Monday 22 August 2022

Fleapit revisited:What Ever Happened To Baby Jane.

There are huge gaps in my film knowledge. There are many influential and important films that, despite knowing of their place in the canon, I have simply never watched. One of those films is Robert Aldrich's 1962 'gothic horror' What Ever Happened To Baby Jane? Based on a novel by Henry Farrell, it was recently shown on BBC2 and is still available, if you're quick, on the iPlayer.

I went in - and I'm glad I did. The story tells of sisters 'Baby' Jane (Bette Davis) and Blanche Hudson (Joan Crawford). Now in their dotage, the former Hollywood stars are living - uneasily - together in what we're supposed to believe is a decrepit and decaying Hollywood mansion. Even though it looks rather magnificent to me.

That's set in what was then the present day - the early sixties - but we begin right back in 1917 with the young Baby Jane (Julie Allred) a huge child star who commands massive audiences with her twee song 'I've Written A Letter To Daddy'. She's known as The Diminutive Dancing Duse From Duluth and, in the auditorium after her shows, frankly creepy life size Baby Jane dolls are presented to audience members.

But young Jane is prone to a tantrum - especially if she can't get ice cream - and her father Ray (Dave Willock) indulges her. Both Jane and Ray are utterly merciless in their cruel and neglectful treatment of Jane's older sister Blanche (played, as a child, by Gina Gillespie) but as Jane's style of acting falls out of favour and her star starts to wane it is Blanche who becomes an even bigger star.

One of the biggest in the whole of Tinsel Town we learn. Jane descends into alcoholism, but honouring a pledge she had made to her mother Cora (Anne Barton) many years ago, Blanche does her best to keep Jane in work. She even has it written into her contract that for every film she appears in, Jane must be given a movie too.

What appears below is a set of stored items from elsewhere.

definition cycle_return :: "'g \<Rightarrow> 'b \<Rightarrow> 'h" where
  "cycle_return g y = (THE k. k \<in> carrier H \<and> r y (g [^]\<^bsub>G\<^esub> cycle_degree g y) = l k y)"

definition cycle_type :: "'g \<Rightarrow> 'b \<Rightarrow> nat \<times> 'h set" where
  "cycle_type g y = (cycle_degree g y, conj_class H (cycle_return g y))"

lemma cycle_return_eqI:
  assumes "y \<in> X" "k \<in> carrier H" "r y (g [^]\<^bsub>G\<^esub> cycle_degree g y) = l k y"
  shows "cycle_return g y = k"
  unfolding cycle_return_def
  using assms l_cancel by (intro the_equality) auto

lemma cycle_degree_l:
  assumes "h \<in> carrier H" "y \<in> X" "g \<in> carrier G"
  shows "cycle_degree g (l h y) = cycle_degree g y"
proof -
  have "left_orbit H l (r (l h y) (g [^]\<^bsub>G\<^esub> n)) = left_orbit H l (r y (g [^]\<^bsub>G\<^esub> n))" for n :: nat
    using assms by (simp add: l_r_commute[symmetric] left_orbit_l r_closed)
  then show ?thesis
    unfolding cycle_degree_def by simp
qed

lemma cycle_type_l:
  assumes "a \<in> carrier H" "y \<in> X" "g \<in> carrier G"
    and "k \<in> carrier H" "r y (g [^]\<^bsub>G\<^esub> cycle_degree g y) = l k y"
  shows "cycle_type g (l a y) = cycle_type g y"
proof -
  let ?d = "cycle_degree g y" and ?k' = "a \<otimes>\<^bsub>H\<^esub> k \<otimes>\<^bsub>H\<^esub> inv\<^bsub>H\<^esub> a"
  have "r (l a y) (g [^]\<^bsub>G\<^esub> ?d) = l a (l k y)"
    using assms by (simp add: l_r_commute[symmetric])
  also have "\<dots> = l ?k' (l a y)"
    using assms by (simp add: l_mult[symmetric] H.m_assoc)
  finally have "cycle_return g (l a y) = ?k'"
    using assms by (intro cycle_return_eqI) (simp_all add: l_closed cycle_degree_l)
  moreover have "cycle_return g y = k"
    by (rule cycle_return_eqI[OF assms(2,4,5)])
  ultimately show ?thesis
    unfolding cycle_type_def using assms by (simp add: cycle_degree_l H.conj_class_conj)
qed

lemma cycle_type_conj:
  assumes "x \<in> carrier G" "g \<in> carrier G" "y \<in> X"
    and "k \<in> carrier H" "r y (g [^]\<^bsub>G\<^esub> cycle_degree g y) = l k y"
  shows "cycle_type (x \<otimes>\<^bsub>G\<^esub> g \<otimes>\<^bsub>G\<^esub> inv\<^bsub>G\<^esub> x) (r y (inv\<^bsub>G\<^esub> x)) = cycle_type g y"
proof -
  let ?g' = "x \<otimes>\<^bsub>G\<^esub> g \<otimes>\<^bsub>G\<^esub> inv\<^bsub>G\<^esub> x" and ?\<phi> = "\<lambda>c. r c (inv\<^bsub>G\<^esub> x)"
  have pow: "r (?\<phi> y) (?g' [^]\<^bsub>G\<^esub> n) = ?\<phi> (r y (g [^]\<^bsub>G\<^esub> n))" for n :: nat
    using assms by (simp add: G.conj_nat_pow r_mult[symmetric] G.m_assoc[symmetric])
  have "range (\<lambda>n::nat. left_orbit H l (r (?\<phi> y) (?g' [^]\<^bsub>G\<^esub> n)))
      = (image ?\<phi>) ` range (\<lambda>n::nat. left_orbit H l (r y (g [^]\<^bsub>G\<^esub> n)))"
    using assms by (auto simp: pow left_orbit_r r_closed)
  moreover have "left_orbit H l (r y (g [^]\<^bsub>G\<^esub> n)) \<subseteq> X" for n :: nat
    using assms by (simp add: left_orbit_subset r_closed)
  then have "inj_on (image ?\<phi>) (range (\<lambda>n::nat. left_orbit H l (r y (g [^]\<^bsub>G\<^esub> n))))"
    using assms by (intro inj_on_image inj_on_subset[OF inj_on_r]) auto
  ultimately have degree: "cycle_degree ?g' (?\<phi> y) = cycle_degree g y"
    unfolding cycle_degree_def by (simp add: card_image)
  have "r (?\<phi> y) (?g' [^]\<^bsub>G\<^esub> cycle_degree ?g' (?\<phi> y)) = l k (?\<phi> y)"
    using assms by (simp add: degree pow l_r_commute)
  then have "cycle_return ?g' (?\<phi> y) = k"
    using assms by (intro cycle_return_eqI) (simp_all add: r_closed)
  then show ?thesis
    unfolding cycle_type_def using degree cycle_return_eqI[OF assms(3-5)] by simp
qed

But, in 1935, a mysterious car crash brings a premature end to Blanche's career. She is paralysed from the waist down and confined to a wheelchair and when we meet the sisters again in 1962 that is how she remains. Having not called in John Stannah to have a stairlift fitted, Blanche, like the caged bird she keeps in her room, is essentially a prisoner.

The bird escapes (or seems to) but will Blanche? Not if Jane can help it. Though Blanche's earnings pay for the roof over their head, Jane is never once seen to be grateful. She is insanely jealous about Blanche's success and distraught and angry that her own career never continued into adult life.

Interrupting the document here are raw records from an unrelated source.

(* Let $G=(V,E)$ be a simple undirected graph and let $C=(v_0,\ldots,v_{k-1})$, $k\ge 4$, be an ordered list of distinct vertices of $V$ with $\textnormal{int}(C)\cap E=\emptyset$. Then the chordal inequality $$\sum_{f\in\textnormal{int}(C)}x_f-(|C|-3)\Big(\sum_{f\in F(C)}x_f-|F(C)|+1\Big)\ \ge\ 0$$ is facet-defining for $\textnormal{conv}(X(G[V(C)]))$.
   Context: $V(C)=\{v_0,\ldots,v_{k-1}\}$, $|C|=k$, $\textnormal{ext}(C)=\{\{v_{i-1},v_i\}\}_{i=1}^{k-1}\cup\{\{v_{k-1},v_0\}\}$, $\textnormal{int}(C)=\binom{V(C)}{2}\setminus\textnormal{ext}(C)$, $F(C)=\textnormal{ext}(C)\setminus E$. $G[V(C)]$ is the induced subgraph; its set of fill edges $\binom{V(C)}{2}\setminus E$ equals $\textnormal{int}(C)\cup F(C)$. For a graph $H=(V_H,E_H)$ and $x\in\{0,1\}^{E^c(H)}$ with $E^c(H)=\binom{V_H}{2}\setminus E_H$, $E(x)=\{f:x_f=1\}$ and $X(H)=\{x:(V_H,E_H\cup E(x))\text{ is chordal}\}$; a graph is chordal if every cycle with at least four vertices has a chord. *)

theory Defs
  imports "HOL-Analysis.Analysis"
begin

definition simple_graph :: "'a set \<Rightarrow> 'a set set \<Rightarrow> bool" where
  "simple_graph V E \<longleftrightarrow> (\<forall>e\<in>E. \<exists>u v. e = {u, v} \<and> u \<noteq> v \<and> u \<in> V \<and> v \<in> V)"

definition pairs :: "'a set \<Rightarrow> 'a set set" where
  "pairs S = {{u, v} | u v. u \<in> S \<and> v \<in> S \<and> u \<noteq> v}"

definition ext :: "'a list \<Rightarrow> 'a set set" where
  "ext cs = {{cs ! i, cs ! ((i + 1) mod length cs)} | i. i < length cs}"

definition int_edges :: "'a list \<Rightarrow> 'a set set" where
  "int_edges cs = pairs (set cs) - ext cs"

definition F_edges :: "'a set set \<Rightarrow> 'a list \<Rightarrow> 'a set set" where
  "F_edges E cs = ext cs - E"

definition is_cycle :: "'a set \<Rightarrow> 'a set set \<Rightarrow> 'a list \<Rightarrow> bool" where
  "is_cycle V E cs \<longleftrightarrow> length cs \<ge> 3 \<and> distinct cs \<and> set cs \<subseteq> V \<and>
     (\<forall>i < length cs. {cs ! i, cs ! ((i + 1) mod length cs)} \<in> E)"

definition has_chord :: "'a set set \<Rightarrow> 'a list \<Rightarrow> bool" where
  "has_chord E cs \<longleftrightarrow> (\<exists>e \<in> E. e \<in> pairs (set cs) \<and> e \<notin> ext cs)"

definition chordal :: "'a set \<Rightarrow> 'a set set \<Rightarrow> bool" where
  "chordal V E \<longleftrightarrow> (\<forall>cs. is_cycle V E cs \<and> length cs \<ge> 4 \<longrightarrow> has_chord E cs)"

definition induced_edges :: "'a set set \<Rightarrow> 'a set \<Rightarrow> 'a set set" where
  "induced_edges E S = {e \<in> E. e \<subseteq> S}"

definition nonedges :: "'a set \<Rightarrow> 'a set set \<Rightarrow> 'a set set" where
  "nonedges V E = pairs V - E"

text \<open>X(H) as a subset of R^{E^c(H)}: coordinates are indexed by a finite type 'n,
  identified with E^c(H) through a bijection idx.\<close>
definition Xset :: "'a set \<Rightarrow> 'a set set \<Rightarrow> ('n::finite \<Rightarrow> 'a set) \<Rightarrow> (real ^ 'n) set" where
  "Xset V E idx = {x. (\<forall>i. x $ i \<in> {0, 1}) \<and> chordal V (E \<union> {idx i | i. x $ i = 1})}"

definition facet_defining :: "'v::euclidean_space set \<Rightarrow> ('v \<Rightarrow> real) \<Rightarrow> real \<Rightarrow> bool" where
  "facet_defining P g b \<longleftrightarrow> (\<forall>x\<in>P. g x \<ge> b) \<and> {x \<in> P. g x = b} facet_of P"

end

theory Submission
  imports Defs
begin

text \<open>
  Validity: if a chordal completion contains all of \<open>F(C)\<close>, then \<open>C\<close> is a cycle of a chordal
  graph, and such a cycle of length \<open>k\<close> has at least \<open>k - 3\<close> chords (split it along one chord and
  induct); otherwise the bracket is non-positive.
  Facet: the following chordal completions lie on the face.  The fan at a cycle vertex \<open>v\<close>
  (all of \<open>F(C)\<close> plus the \<open>k - 3\<close> chords at \<open>v\<close>); its flips, which replace a chord
  \<open>{v, y}\<close> by the chord joining the two cycle-neighbours of \<open>y\<close>; and the Hamiltonian paths
  (\<open>F(C)\<close> minus one edge).  Fan minus flip connects every interior pair to a neighbour chord,
  consecutive neighbour chords are connected by flips, and fan minus path isolates each edge of
  \<open>F(C)\<close>; so these differences together with one chord direction span the whole space.  The
  complete graph and its one-edge deletions show that the polytope is full-dimensional.
\<close>

section \<open>Pairs, paths and cycle edges\<close>

lemma pairs_subset: "p \<in> pairs S \<Longrightarrow> p \<subseteq> S"
  unfolding pairs_def by blast

lemma finite_pairs: "finite S \<Longrightarrow> finite (pairs S)"
  by (rule finite_subset[of _ "Pow S"]) (auto simp: pairs_def)

lemma doubleton_in_pairs: "u \<in> S \<Longrightarrow> w \<in> S \<Longrightarrow> u \<noteq> w \<Longrightarrow> {u, w} \<in> pairs S"
  unfolding pairs_def by blast

lemma doubleton_in_pairs_iff: "{u, w} \<in> pairs S \<longleftrightarrow> u \<in> S \<and> w \<in> S \<and> u \<noteq> w"
proof
  assume "{u, w} \<in> pairs S"
  then obtain a b where "{u, w} = {a, b}" "a \<in> S" "b \<in> S" "a \<noteq> b" unfolding pairs_def by blast
  then show "u \<in> S \<and> w \<in> S \<and> u \<noteq> w" by (auto simp: doubleton_eq_iff)
qed (simp add: doubleton_in_pairs)

lemma pairs_mono: "S \<subseteq> T \<Longrightarrow> pairs S \<subseteq> pairs T"
  unfolding pairs_def by blast

lemma pair_subset_doubleton: "p \<in> pairs S \<Longrightarrow> p \<subseteq> {u, w} \<Longrightarrow> p = {u, w}"
  unfolding pairs_def by blast

fun path_edges :: "'a list \<Rightarrow> 'a set set" where
  "path_edges (x # y # zs) = insert {x, y} (path_edges (y # zs))"
| "path_edges _ = {}"

lemma path_edges_conv_nth:
  "path_edges xs = (\<lambda>l. {xs ! l, xs ! Suc l}) ` {l. Suc l < length xs}"
proof (induction xs rule: path_edges.induct)
  case (1 x y zs)
  have "{l. Suc l < length (x # y # zs)} = insert 0 (Suc ` {l. Suc l < length (y # zs)})"
    by (auto simp: image_iff less_Suc_eq_0_disj)
  then show ?case using 1 by (simp add: image_image)
qed auto

lemma path_edges_append: "path_edges (xs @ y # ys) = path_edges (xs @ [y]) \<union> path_edges (y # ys)"
  by (induction xs rule: path_edges.induct) auto

lemma path_edges_snoc: "xs \<noteq> [] \<Longrightarrow> path_edges (xs @ [y]) = insert {last xs, y} (path_edges xs)"
  by (induction xs rule: path_edges.induct) (auto split: if_splits)

lemma path_edges_Cons: "xs \<noteq> [] \<Longrightarrow> path_edges (x # xs) = insert {x, hd xs} (path_edges xs)"
  by (cases xs) auto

Jane drinks, she belittles Blanche, slags her (and her films) off, and she opens Blanche's fan mail, reads it, and throws it in the bin without Blanche ever so much as seeing it. I would she goes quietly mental but when she goes mental it's often pretty loud. It becomes clear that no matter what she does, no matter how transgressive or plain wrong her behaviour is, it will always, always, be somebody else's fault. 

Probably Blanche's. Jane looks utterly ridiculous too. Their neighbour Mrs Bates (Anna Lee) and her daughter Liza (B. D. Merrill, curiously - Bette Davis' real life daughter) deliver flowers for Blanche but Jane is rude to them and the flowers seem to get no further than the downstairs sink. Housekeeper Elvira (Maidie Norman) is more switched on and senses what Jane is up to but will kind hearted Blanche believe her?


Is it easier to forgive a family member? Is it harder to believe their intentions are not as they should be? When Jane decides to revive her career she places an ad in a paper for a musician and arranger to work with and it's answered by slobbish mummy's boy Edwin Flagg (Victor Buono) who, for some reason, affects to be a camp Englishman in order to try and impress Jane.

Flagg and his mother Dehlia (Marjorie Bennett) are pretty much skint so it's easy to see what their motivation is although it's not immediately apparent what the addition of these characters really adds to the story. Perhaps that's because Crawford and Davis are such dominant screen presences nobody else, bar Norman as Elvira, really gets a look in.

People acted, in both senses of the word, very differently sixty years ago and sometimes What Ever Happened To Baby Jane? feels even older than it actually is. Not everything has dated that well but the general feeling, underpinned by Frank De Vol's jumpy score, is, as the film progresses, one of both tension and a terrible feeling that something really awful will surely happen.

Early on in the film, the camera has a tendency to cut away to blank faced dolls. It's jarring rather than creepy and the disgusting meals that Jane prepares for Blanche are just that. Disgusting but not scary. Jane's inane cackling is far worse. But the chills do come as the film progresses. I'd expected that but I'd not realised just how nasty the whole thing would get. What Ever Happened To Baby Jane? is a great illustration of how a toxic person can not just destroy themself but almost everyone around them. After watching this I'm not so sure having Bette Davis Eyes is such a great thing after all.